One day Aaron will pass down his priestly garments to one of his sons, who will wear them for one week while he ministers in the sanctuary (vv. 29-30).

[These verses appear out of place, appearing in a section dealing with consecrating sacrifices, not priestly garments].

They boil the flesh of the “ram of the consecration” in the holy place, and Aaron and his sons feast on it and on the bread by the tabernacle door (vv. 31-32).

Only they may eat these holy foods, not “outsiders” (v. 33).

[Notice that besides having consecrating and sanctifying purposes, these items make atonement].

Finally, they must burn any foods left over until morning (v. 34).

The priestly consecration lasts seven days (v. 35).

Each day they must offer a bull as a sin offering for atonement for their consecration, then cleanse and sanctify the altar with an anointing (v. 36).

Anything that touches the altar must be holy (v. 37).

Daily offerings include two yearling lambs, one in the morning and one at twilight (vv. 38-39).
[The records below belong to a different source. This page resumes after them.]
(* Let $P$ be a finite point set in $\mathbb{S}^1$ containing a source $s$, with $|P|>2$, and let $\rho_{\mathrm{opt}}$ be an optimal range assignment for $P$. Then there exists a point $r\in\mathbb{S}^1$ such that $r\notin\mathrm{cov}(\rho_{\mathrm{opt}},P)$.
   Context: $\mathbb{S}^1$ is a circle with distance measured along the circle: $d(p,q)=\min(d_{\mathrm{cw}}(p,q),d_{\mathrm{ccw}}(p,q))$, where $d_{\mathrm{cw}},d_{\mathrm{ccw}}$ are clockwise and counterclockwise arc lengths. A range assignment $\rho$ gives each $p\in P$ a range $\rho(p)\ge0$, inducing a directed graph with edge $(p,q)$ iff $d(p,q)\le\rho(p)$; it is feasible if this graph contains an arborescence rooted at $s$ spanning $P$; its cost is $\sum_{p\in P}\rho(p)^\alpha$ for a fixed constant $\alpha>1$; an optimal assignment is a feasible one of minimum cost. The covered region $\mathrm{cov}(\rho,P)$ is the set of all $r\in\mathbb{S}^1$ such that there is $p\in P$ with $\rho(p)\ge d(p,r)$. *)

theory Defs
  imports Complex_Main
begin

text \<open>The circle S^1 of circumference L > 0 is modelled as the interval [0, L)
  (reals modulo L).  Distance is the shorter of the two arc lengths.\<close>

definition circle :: "real \<Rightarrow> real set" where
  "circle L = {0..<L}"

definition circ_dist :: "real \<Rightarrow> real \<Rightarrow> real \<Rightarrow> real" where
  "circ_dist L p q = min \<bar>p - q\<bar> (L - \<bar>p - q\<bar>)"

definition induced_graph :: "real \<Rightarrow> (real \<Rightarrow> real) \<Rightarrow> real set \<Rightarrow> (real \<times> real) set" where
  "induced_graph L \<rho> P = {(p, q). p \<in> P \<and> q \<in> P \<and> p \<noteq> q \<and> circ_dist L p q \<le> \<rho> p}"

definition has_spanning_arborescence :: "('a \<times> 'a) set \<Rightarrow> 'a \<Rightarrow> 'a set \<Rightarrow> bool" where
  "has_spanning_arborescence E s P \<longleftrightarrow>
     (\<exists>T. T \<subseteq> E \<and> T \<subseteq> P \<times> P \<and>
        (\<forall>q. (q, s) \<notin> T) \<and>
        (\<forall>p \<in> P - {s}. \<exists>!q. (q, p) \<in> T) \<and>
        (\<forall>p \<in> P. (s, p) \<in> T\<^sup>*))"

definition range_assignment :: "real set \<Rightarrow> (real \<Rightarrow> real) \<Rightarrow> bool" where
  "range_assignment P \<rho> \<longleftrightarrow> (\<forall>p \<in> P. \<rho> p \<ge> 0)"

definition feasible :: "real \<Rightarrow> real set \<Rightarrow> real \<Rightarrow> (real \<Rightarrow> real) \<Rightarrow> bool" where
  "feasible L P s \<rho> \<longleftrightarrow> range_assignment P \<rho> \<and> has_spanning_arborescence (induced_graph L \<rho> P) s P"

definition cost :: "real \<Rightarrow> real set \<Rightarrow> (real \<Rightarrow> real) \<Rightarrow> real" where
  "cost \<alpha> P \<rho> = (\<Sum>p \<in> P. \<rho> p powr \<alpha>)"

definition optimal :: "real \<Rightarrow> real \<Rightarrow> real set \<Rightarrow> real \<Rightarrow> (real \<Rightarrow> real) \<Rightarrow> bool" where
  "optimal L \<alpha> P s \<rho> \<longleftrightarrow> feasible L P s \<rho> \<and>
     (\<forall>\<rho>'. feasible L P s \<rho>' \<longrightarrow> cost \<alpha> P \<rho> \<le> cost \<alpha> P \<rho>')"

definition cov :: "real \<Rightarrow> (real \<Rightarrow> real) \<Rightarrow> real set \<Rightarrow> real set" where
  "cov L \<rho> P = {r \<in> circle L. \<exists>p \<in> P. \<rho> p \<ge> circ_dist L p r}"

end

theory Submission
  imports Defs
begin

(* For a point p of positive range, shrink_range cuts its range down to the farthest point
   strictly inside it.  By optimality the shrunk assignment is infeasible, so some point f at
   distance exactly rho p from p is no longer reached from s.  Choose p so that the shrunk
   assignment reaches as many points as possible: then every unreached point, f in particular,
   has range 0, and every other q satisfies rho q < d(q, f).  If rho p < L/2, the points just
   beyond f as seen from p are uncovered.  If rho p = L/2, f is the antipode of p and all other
   points are reached without the edge p -> f; letting the point q farthest from p in P - {f}
   cover f instead is strictly cheaper, since D^alpha + (L/2 - D)^alpha < (L/2)^alpha. *)

lemma sum_powr_less_powr_add:
  fixes a b \<alpha> :: real
  assumes "0 < a" "0 < b" "1 < \<alpha>"
  shows "a powr \<alpha> + b powr \<alpha> < (a + b) powr \<alpha>"
proof -
  have "a powr \<alpha> + b powr \<alpha> = a * a powr (\<alpha> - 1) + b * b powr (\<alpha> - 1)"
    using assms by (simp add: powr_mult_base)
  also have "\<dots> < a * (a + b) powr (\<alpha> - 1) + b * (a + b) powr (\<alpha> - 1)"
    using assms by (intro add_strict_mono mult_strict_left_mono powr_less_mono2) auto
  also have "\<dots> = (a + b) powr \<alpha>"
    using assms by (simp add: powr_mult_base distrib_right[symmetric])
  finally show ?thesis .
qed

lemma powr_add_max_less:
  fixes d c r \<alpha> :: real
  assumes "0 < d" "d < c" "0 \<le> r" "1 < \<alpha>"
  shows "d powr \<alpha> + max r (c - d) powr \<alpha> < c powr \<alpha> + r powr \<alpha>"
proof (cases "c - d \<le> r")
  case True
  have "d powr \<alpha> < c powr \<alpha>"
    using assms by (intro powr_less_mono2) auto
  with True show ?thesis by simp
next
  case False
  have "d powr \<alpha> + (c - d) powr \<alpha> < c powr \<alpha>"
    using sum_powr_less_powr_add[of d "c - d" \<alpha>] assms by simp
  moreover have "max r (c - d) = c - d" using False by simp
  ultimately show ?thesis using powr_ge_zero[of r \<alpha>] by linarith
qed

lemma ex_greatest_image_if_finite:
  fixes f :: "'a \<Rightarrow> 'b :: linorder"
  assumes "finite S" "S \<noteq> {}"
  shows "\<exists>x\<in>S. \<forall>y\<in>S. f y \<le> f x"
proof -
  have "Max (f ` S) \<in> f ` S" using assms by simp
  then obtain x where "x \<in> S" "f x = Max (f ` S)" by (metis imageE)
  with assms show ?thesis by (metis Max_ge finite_imageI image_eqI)
qed

lemma circ_dist_commute: "circ_dist L x y = circ_dist L y x"
  by (simp add: circ_dist_def abs_minus_commute)

lemma circ_dist_self: "0 < L \<Longrightarrow> circ_dist L x x = 0"
  by (simp add: circ_dist_def)

lemma circ_dist_pos:
  "x \<in> circle L \<Longrightarrow> y \<in> circle L \<Longrightarrow> x \<noteq> y \<Longrightarrow> 0 < circ_dist L x y"
  by (auto simp: circ_dist_def circle_def)

lemma circ_dist_le_half: "circ_dist L x y \<le> L / 2"
  by (simp add: circ_dist_def min_def)

lemma circ_dist_triangle:
  "x \<in> circle L \<Longrightarrow> y \<in> circle L \<Longrightarrow> z \<in> circle L \<Longrightarrow>
    circ_dist L x z \<le> circ_dist L x y + circ_dist L y z"
  unfolding circ_dist_def circle_def by (auto simp: abs_if min_def)

lemma circ_dist_half_unique:
  "x \<in> circle L \<Longrightarrow> y \<in> circle L \<Longrightarrow> z \<in> circle L \<Longrightarrow>
    circ_dist L x y = L / 2 \<Longrightarrow> circ_dist L x z = L / 2 \<Longrightarrow> y = z"
  unfolding circ_dist_def circle_def by (auto simp: abs_if min_def split: if_splits)

lemma circ_dist_to_antipode:
  "x \<in> circle L \<Longrightarrow> y \<in> circle L \<Longrightarrow> z \<in> circle L \<Longrightarrow>
    circ_dist L x y = L / 2 \<Longrightarrow> circ_dist L z y = L / 2 - circ_dist L x z"
  unfolding circ_dist_def circle_def by (auto simp: abs_if min_def split: if_splits)

lemma ex_circ_dist_beyond:
  assumes "p \<in> circle L" "f \<in> circle L" "0 < circ_dist L p f" "circ_dist L p f < L / 2"
    and "0 < \<eta>" "\<eta> < L / 2 - circ_dist L p f"
  shows "\<exists>x \<in> circle L. circ_dist L f x \<le> \<eta> \<and> circ_dist L p f < circ_dist L p x"
proof -
  have "p < f \<and> f - p < L / 2 \<or> p < f \<and> L / 2 < f - p \<or>
        f < p \<and> p - f < L / 2 \<or> f < p \<and> L / 2 < p - f"
    using assms unfolding circ_dist_def circle_def by (auto simp: abs_if min_def split: if_splits)
  then show ?thesis
  proof (elim disjE)
    assume "p < f \<and> f - p < L / 2"
    then show ?thesis
    proof (cases "f + \<eta> < L")
      case True
      with \<open>p < f \<and> f - p < L / 2\<close> assms show ?thesis
        by (intro bexI[of _ "f + \<eta>"]) (auto simp: circ_dist_def circle_def abs_if min_def)
    next
      case False
      with \<open>p < f \<and> f - p < L / 2\<close> assms show ?thesis
        by (intro bexI[of _ "f + \<eta> - L"]) (auto simp: circ_dist_def circle_def abs_if min_def)
    qed
  next
    assume "p < f \<and> L / 2 < f - p"
    with assms show ?thesis
      by (intro bexI[of _ "f - \<eta>"]) (auto simp: circ_dist_def circle_def abs_if min_def)
  next
    assume "f < p \<and> p - f < L / 2"
    then show ?thesis
    proof (cases "0 \<le> f - \<eta>")
      case True
      with \<open>f < p \<and> p - f < L / 2\<close> assms show ?thesis
        by (intro bexI[of _ "f - \<eta>"]) (auto simp: circ_dist_def circle_def abs_if min_def)
    next
      case False
      with \<open>f < p \<and> p - f < L / 2\<close> assms show ?thesis
        by (intro bexI[of _ "f - \<eta> + L"]) (auto simp: circ_dist_def circle_def abs_if min_def)
    qed
  next
    assume "f < p \<and> L / 2 < p - f"
    with assms show ?thesis
      by (intro bexI[of _ "f + \<eta>"]) (auto simp: circ_dist_def circle_def abs_if min_def)
  qed
qed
On the “menu” with the first lamb is a mixture of flour and oil, and wine as a drink offering (v. 40).

They present the evening lamb with the same grain and drink offerings as a burnt offering, a sweet aroma (v. 41).

These offerings must continue throughout their generations (v. 42).
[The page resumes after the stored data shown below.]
theorem theorem3p6:
  fixes aL :: "real^'dL^'T \<Rightarrow> real^'dL^'T"
    and aR :: "real^'dR^'V \<Rightarrow> real^'dR^'V"
    and aP :: "real^'nP \<Rightarrow> real^'nP"
    and k :: "'T::finite \<Rightarrow> 'V::finite \<Rightarrow> real^'dR^'dL"
    and tauRL tauLR CK muL muR muP rL rR rP :: real
    and cL Hs :: "real^'dL^'T" and cR Xs :: "real^'dR^'V" and cP Ps :: "real^'nP"
  defines "K \<equiv> kernel_op k"
    and "tau \<equiv> max tauRL tauLR"
    and "S \<equiv> cball cL rL \<times> cball cR rR \<times> cball cP rP"
    and "alphaL \<equiv> muL / 2 - CK\<^sup>2 / (2 * muR)"
    and "alphaR \<equiv> muR / 2 - CK\<^sup>2 / (2 * muL)"
  assumes delays: "tauRL \<ge> 0" "tauLR \<ge> 0"
    and K_bound: "onorm K \<le> hs_norm k" "hs_norm k \<le> CK"
    and lipL: "\<exists>L. L-lipschitz_on UNIV aL"
    and lipR: "\<exists>L. L-lipschitz_on UNIV aR"
    and lipP: "\<exists>L. L-lipschitz_on UNIV aP"
    and mu_pos: "muL > 0" "muR > 0" "muP > 0"
    and dissL: "one_sided_dissipative aL muL"
    and dissR: "one_sided_dissipative aR muR"
    and dissP: "one_sided_dissipative aP muP"
    and invariant: "\<And>H X P. is_solution aL aR aP K tauRL tauLR H X P \<Longrightarrow> history_in tau S H X P
                       \<Longrightarrow> \<forall>t\<ge>0. (H t, X t, P t) \<in> S"
    and equil: "is_equilibrium aL aR aP K Hs Xs Ps" "(Hs, Xs, Ps) \<in> S"
    and small_gain: "CK\<^sup>2 < muL * muR"
  shows
    \<comment> \<open>uniqueness of the equilibrium\<close>
    "(\<forall>H' X' P'. is_equilibrium aL aR aP K H' X' P' \<longrightarrow> (H', X', P') = (Hs, Xs, Ps))
     \<comment> \<open>Lyapunov stability\<close>
     \<and> (\<forall>\<epsilon>>0. \<exists>\<delta>>0. \<forall>H X P. is_solution aL aR aP K tauRL tauLR H X P \<and> history_in tau S H X P
            \<and> (\<forall>s\<in>{-tau..0}. norm ((H s, X s, P s) - (Hs, Xs, Ps)) < \<delta>)
            \<longrightarrow> (\<forall>t\<ge>0. norm ((H t, X t, P t) - (Hs, Xs, Ps)) < \<epsilon>))
     \<comment> \<open>global attractivity\<close>
     \<and> (\<forall>H X P. is_solution aL aR aP K tauRL tauLR H X P \<and> history_in tau S H X P
            \<longrightarrow> ((\<lambda>t. (H t, X t, P t)) \<longlongrightarrow> (Hs, Xs, Ps)) at_top)
     \<comment> \<open>Lyapunov-Krasovskii estimate\<close>
     \<and> alphaL > 0 \<and> alphaR > 0
     \<and> (\<forall>H X P. is_solution aL aR aP K tauRL tauLR H X P \<and> history_in tau S H X P
            \<longrightarrow> (\<forall>t>0. \<exists>D.
                 ((\<lambda>r. LKV CK muL muR tauRL tauLR (\<lambda>s. H (r + s) - Hs) (\<lambda>s. X (r + s) - Xs)
                        (\<lambda>s. P (r + s) - Ps)) has_real_derivative D) (at t)
                 \<and> D \<le> - alphaL * (norm (H t - Hs))\<^sup>2 - alphaR * (norm (X t - Xs))\<^sup>2
                        - muP * (norm (P t - Ps))\<^sup>2))"
proof -
  interpret sys: coupled_delay_system aL aR aP K tauRL tauLR CK muL muR muP Hs Xs Ps
    using linear_kernel_op K_bound delays mu_pos dissL dissR dissP equil(1) small_gain
    unfolding K_def by (intro coupled_delay_system.intro) auto
  have alpha: "sys.alphaL = alphaL" "sys.alphaR = alphaR"
    by (simp_all add: sys.alphaL_def sys.alphaR_def alphaL_def alphaR_def)
  obtain LL LR LP where lipschitz: "LL-lipschitz_on UNIV aL" "LR-lipschitz_on UNIV aR"
      "LP-lipschitz_on UNIV aP"
    using lipL lipR lipP by blast
  have bounded: "bounded ((\<lambda>t. (H t, X t, P t)) ` {-tau..})"
    if "is_solution aL aR aP K tauRL tauLR H X P" "history_in tau S H X P" for H X P
  proof -
    have "(\<lambda>t. (H t, X t, P t)) ` {-tau..} \<subseteq> S"
      using invariant[OF that] that(2) by (force simp: history_in_def)
    moreover have "bounded S" unfolding S_def by (intro bounded_Times bounded_cball)
    ultimately show ?thesis using bounded_subset by blast
  qed
  show ?thesis
    unfolding tau_def alpha[symmetric]
  proof (intro conjI allI impI sys.alphaL_pos sys.alphaR_pos)
    show "\<exists>\<delta>>0. \<forall>H X P. is_solution aL aR aP K tauRL tauLR H X P
        \<and> history_in (max tauRL tauLR) S H X P
        \<and> (\<forall>s\<in>{-max tauRL tauLR..0}. norm ((H s, X s, P s) - (Hs, Xs, Ps)) < \<delta>)
        \<longrightarrow> (\<forall>t\<ge>0. norm ((H t, X t, P t) - (Hs, Xs, Ps)) < \<epsilon>)" if "0 < \<epsilon>" for \<epsilon>
      using sys.lyapunov_stable[OF that] by blast
  qed (use sys.equilibrium_unique sys.LKV_has_derivative_le
         sys.bounded_solution_tendsto_equilibrium[OF lipschitz] bounded[unfolded tau_def] in auto)
qed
God promises to meet with Israel in the tabernacle “sanctified by My glory” (v. 43).

Their consecration is essential in order for Him to dwell among them and be their God; they will then know the LORD, their Savior from Egypt (vv. 44-46).

The Altar of Incense


Exodus 30

The next piece of furniture in the tabernacle complex is the altar of incense (vv. 1-10).

Besides having its sides, its horns, and its molding overlaid with gold all around, the wooden altar is one and one-half feet long, one and one-half feet wide and three feet tall (vv. 1-3).

Men will carry the altar by means of golden poles thrust through golden rings situated under the molding on both sides (vv. 4-5).

The altar sits before the veil in front of the ark (v. 6).

Aaron must burn incense on the altar every morning and twilight (vv. 7-8).

No one must offer any other type of offering on it (v. 9); the high priest must “make atonement upon its horns once a year with the blood of the sin offering of atonement” (v. 10).

[This service takes place on Yom Kippur; see Lev. 16:3-34.]

Next, the LORD commands that every man—twenty years old and above, and regardless of financial status—give a ransom (half a shekel—the price of each life) for himself every time

Moses takes a census, in order to prevent a plague (vv. 11-15).

They must give this atonement money for the service of the tabernacle (v. 16).

The Laver


The Laver

Placed between the tabernacle and the altar, the laver—a bronze basin in which Aaron and his sons shall wash their hands and their feet—is the next structure mentioned (vv. 17-19; cf. John 13:8-10).

Aaron and his sons must wash themselves there every time they minister at the tabernacle or near the altar (vv. 20-21).

Moses (or someone appointed for the task) will prepare anointing oil from a variety of quality spices—liquid myrrh, cinnamon, cane, and cassia—and mix it with olive oil (vv. 22-25).

He will consecrate every structure of the tabernacle and its utensils with it (vv. 26-29) as well as Aaron and his sons (v. 30).

The LORD prohibits (on pain of death) the pouring of this oil, the making of a different compound, and the putting of any of it on an outsider (vv. 30-33).

From other spices, he shall make “salted, pure, and holy” incense (vv. 34-35).

He must put some of this compound beaten very fine before the Testimony (v. 36).

Again, God allows no one to make this kind of incense for personal use (vv. 37-38).